Every record is to be printed exactly as it appears.

(SOURCE DATA)

(* Let $s\in(0,1)$ and let $F\in\mathcal M_s$ be an even function. Suppose that for some $\gamma>0$ one has $\int_\gamma F(x)x^{2k}=0$ for all $k\in\mathbb Z_{\ge0}$. Then $F=0$.
   Context: Fix $q\in(0,1)$. Notation: $(a;q)_\infty=\prod_{j\ge0}(1-aq^j)$, $e_q(x)=1/(x;q)_\infty$. For $\gamma>0$, $\int_\gamma f=(1-q)\sum_{k\in\mathbb Z}\sum_{\epsilon=\pm1}q^k\gamma f(\epsilon q^k\gamma)$ whenever absolutely convergent. For $s>0$, $\mathcal M_s$ is the set of functions $F(x)=f(x)e_{q^2}(-x^2)$ (holomorphic on $|\mathrm{Im}\,x|<1$) where $f(x)=\sum_{l\ge0}a_lx^l$ with $|a_l|\le Cs^lq^{l^2/2}$ for all $l$, for some $C>0$. *)

theory Defs
  imports "HOL-Analysis.Analysis"
begin

definition qpoch_inf :: "complex \<Rightarrow> real \<Rightarrow> complex" where
  "qpoch_inf a q = (\<Prod>j. 1 - a * of_real (q ^ j))"

definition e_q :: "real \<Rightarrow> complex \<Rightarrow> complex" where
  "e_q q x = 1 / qpoch_inf x q"

definition qint_term :: "real \<Rightarrow> real \<Rightarrow> (complex \<Rightarrow> complex) \<Rightarrow> int \<times> real \<Rightarrow> complex" where
  "qint_term q \<gamma> f = (\<lambda>(k, \<epsilon>). of_real (q powi k * \<gamma>) * f (of_real (\<epsilon> * q powi k * \<gamma>)))"

definition qint_exists :: "real \<Rightarrow> real \<Rightarrow> (complex \<Rightarrow> complex) \<Rightarrow> bool" where
  "qint_exists q \<gamma> f \<longleftrightarrow> (\<lambda>p. norm (qint_term q \<gamma> f p)) summable_on (UNIV \<times> {1, -1})"

definition qint :: "real \<Rightarrow> real \<Rightarrow> (complex \<Rightarrow> complex) \<Rightarrow> complex" where
  "qint q \<gamma> f = of_real (1 - q) * (\<Sum>\<^sub>\<infinity>p\<in>UNIV \<times> {1, -1}. qint_term q \<gamma> f p)"

definition M_s :: "real \<Rightarrow> real \<Rightarrow> (complex \<Rightarrow> complex) set" where
  "M_s q s = {F. \<exists>(a :: nat \<Rightarrow> complex) C. C > 0 \<and>
      (\<forall>l. norm (a l) \<le> C * s ^ l * q powr (real l ^ 2 / 2)) \<and>
      (\<forall>x. \<bar>Im x\<bar> < 1 \<longrightarrow> F x = (\<Sum>l. a l * x ^ l) * e_q (q ^ 2) (- (x ^ 2)))}"

end

(*
  Write F = f * e_{q^2}(-x^2) with f(x) = \<Sum> a_l x^l entire. On the real line e_{q^2}(-x^2) is
  1 / \<Prod>_j (1 + x^2 q^(2j)), positive and even, so f is even there. The Jackson integral is a
  sum over the points \<plusminus>q^k \<gamma> (k \<in> \<int>) with positive weights w; pairing its vanishing even
  moments with the (even) Taylor coefficients of cnj f gives \<Sum> w |f|^2 = 0. Hence f vanishes
  at the points q^k \<gamma>, which accumulate at 0, and f = 0 by the identity theorem.

  Exchanging the two summations needs absolute convergence, which comes from two Gaussian
  estimates at the outer points \<gamma> / q^K: completing the square in |a_l| \<le> C s^l q^(l^2/2) gives
  \<Sum> |a_l| (\<gamma>/q^K)^l = O((s\<gamma>)^K q^(-K^2/2)), while the first K factors of the product give
  e_{q^2}(-x^2) = O(q^(K^2+K) \<gamma>^(-2K)). The weighted terms thus decay like s^(2K); this is
  where s < 1 is used.
*)

theory Submission
  imports Defs "HOL-Complex_Analysis.Conformal_Mappings"
begin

(End SOURCE DATA)

[YOUR RESPONSE]
(* Let $s\in(0,1)$ and let $F\in\mathcal M_s$ be an even function. Suppose that for some $\gamma>0$ one has $\int_\gamma F(x)x^{2k}=0$ for all $k\in\mathbb Z_{\ge0}$. Then $F=0$.
   Context: Fix $q\in(0,1)$. Notation: $(a;q)_\infty=\prod_{j\ge0}(1-aq^j)$, $e_q(x)=1/(x;q)_\infty$. For $\gamma>0$, $\int_\gamma f=(1-q)\sum_{k\in\mathbb Z}\sum_{\epsilon=\pm1}q^k\gamma f(\epsilon q^k\gamma)$ whenever absolutely convergent. For $s>0$, $\mathcal M_s$ is the set of functions $F(x)=f(x)e_{q^2}(-x^2)$ (holomorphic on $|\mathrm{Im}\,x|<1$) where $f(x)=\sum_{l\ge0}a_lx^l$ with $|a_l|\le Cs^lq^{l^2/2}$ for all $l$, for some $C>0$. *)

theory Defs
  imports "HOL-Analysis.Analysis"
begin

definition qpoch_inf :: "complex \<Rightarrow> real \<Rightarrow> complex" where
  "qpoch_inf a q = (\<Prod>j. 1 - a * of_real (q ^ j))"

definition e_q :: "real \<Rightarrow> complex \<Rightarrow> complex" where
  "e_q q x = 1 / qpoch_inf x q"

definition qint_term :: "real \<Rightarrow> real \<Rightarrow> (complex \<Rightarrow> complex) \<Rightarrow> int \<times> real \<Rightarrow> complex" where
  "qint_term q \<gamma> f = (\<lambda>(k, \<epsilon>). of_real (q powi k * \<gamma>) * f (of_real (\<epsilon> * q powi k * \<gamma>)))"

definition qint_exists :: "real \<Rightarrow> real \<Rightarrow> (complex \<Rightarrow> complex) \<Rightarrow> bool" where
  "qint_exists q \<gamma> f \<longleftrightarrow> (\<lambda>p. norm (qint_term q \<gamma> f p)) summable_on (UNIV \<times> {1, -1})"

definition qint :: "real \<Rightarrow> real \<Rightarrow> (complex \<Rightarrow> complex) \<Rightarrow> complex" where
  "qint q \<gamma> f = of_real (1 - q) * (\<Sum>\<^sub>\<infinity>p\<in>UNIV \<times> {1, -1}. qint_term q \<gamma> f p)"

definition M_s :: "real \<Rightarrow> real \<Rightarrow> (complex \<Rightarrow> complex) set" where
  "M_s q s = {F. \<exists>(a :: nat \<Rightarrow> complex) C. C > 0 \<and>
      (\<forall>l. norm (a l) \<le> C * s ^ l * q powr (real l ^ 2 / 2)) \<and>
      (\<forall>x. \<bar>Im x\<bar> < 1 \<longrightarrow> F x = (\<Sum>l. a l * x ^ l) * e_q (q ^ 2) (- (x ^ 2)))}"

end

(*
  Write F = f * e_{q^2}(-x^2) with f(x) = \<Sum> a_l x^l entire. On the real line e_{q^2}(-x^2) is
  1 / \<Prod>_j (1 + x^2 q^(2j)), positive and even, so f is even there. The Jackson integral is a
  sum over the points \<plusminus>q^k \<gamma> (k \<in> \<int>) with positive weights w; pairing its vanishing even
  moments with the (even) Taylor coefficients of cnj f gives \<Sum> w |f|^2 = 0. Hence f vanishes
  at the points q^k \<gamma>, which accumulate at 0, and f = 0 by the identity theorem.

  Exchanging the two summations needs absolute convergence, which comes from two Gaussian
  estimates at the outer points \<gamma> / q^K: completing the square in |a_l| \<le> C s^l q^(l^2/2) gives
  \<Sum> |a_l| (\<gamma>/q^K)^l = O((s\<gamma>)^K q^(-K^2/2)), while the first K factors of the product give
  e_{q^2}(-x^2) = O(q^(K^2+K) \<gamma>^(-2K)). The weighted terms thus decay like s^(2K); this is
  where s < 1 is used.
*)

theory Submission
  imports Defs "HOL-Complex_Analysis.Conformal_Mappings"
begin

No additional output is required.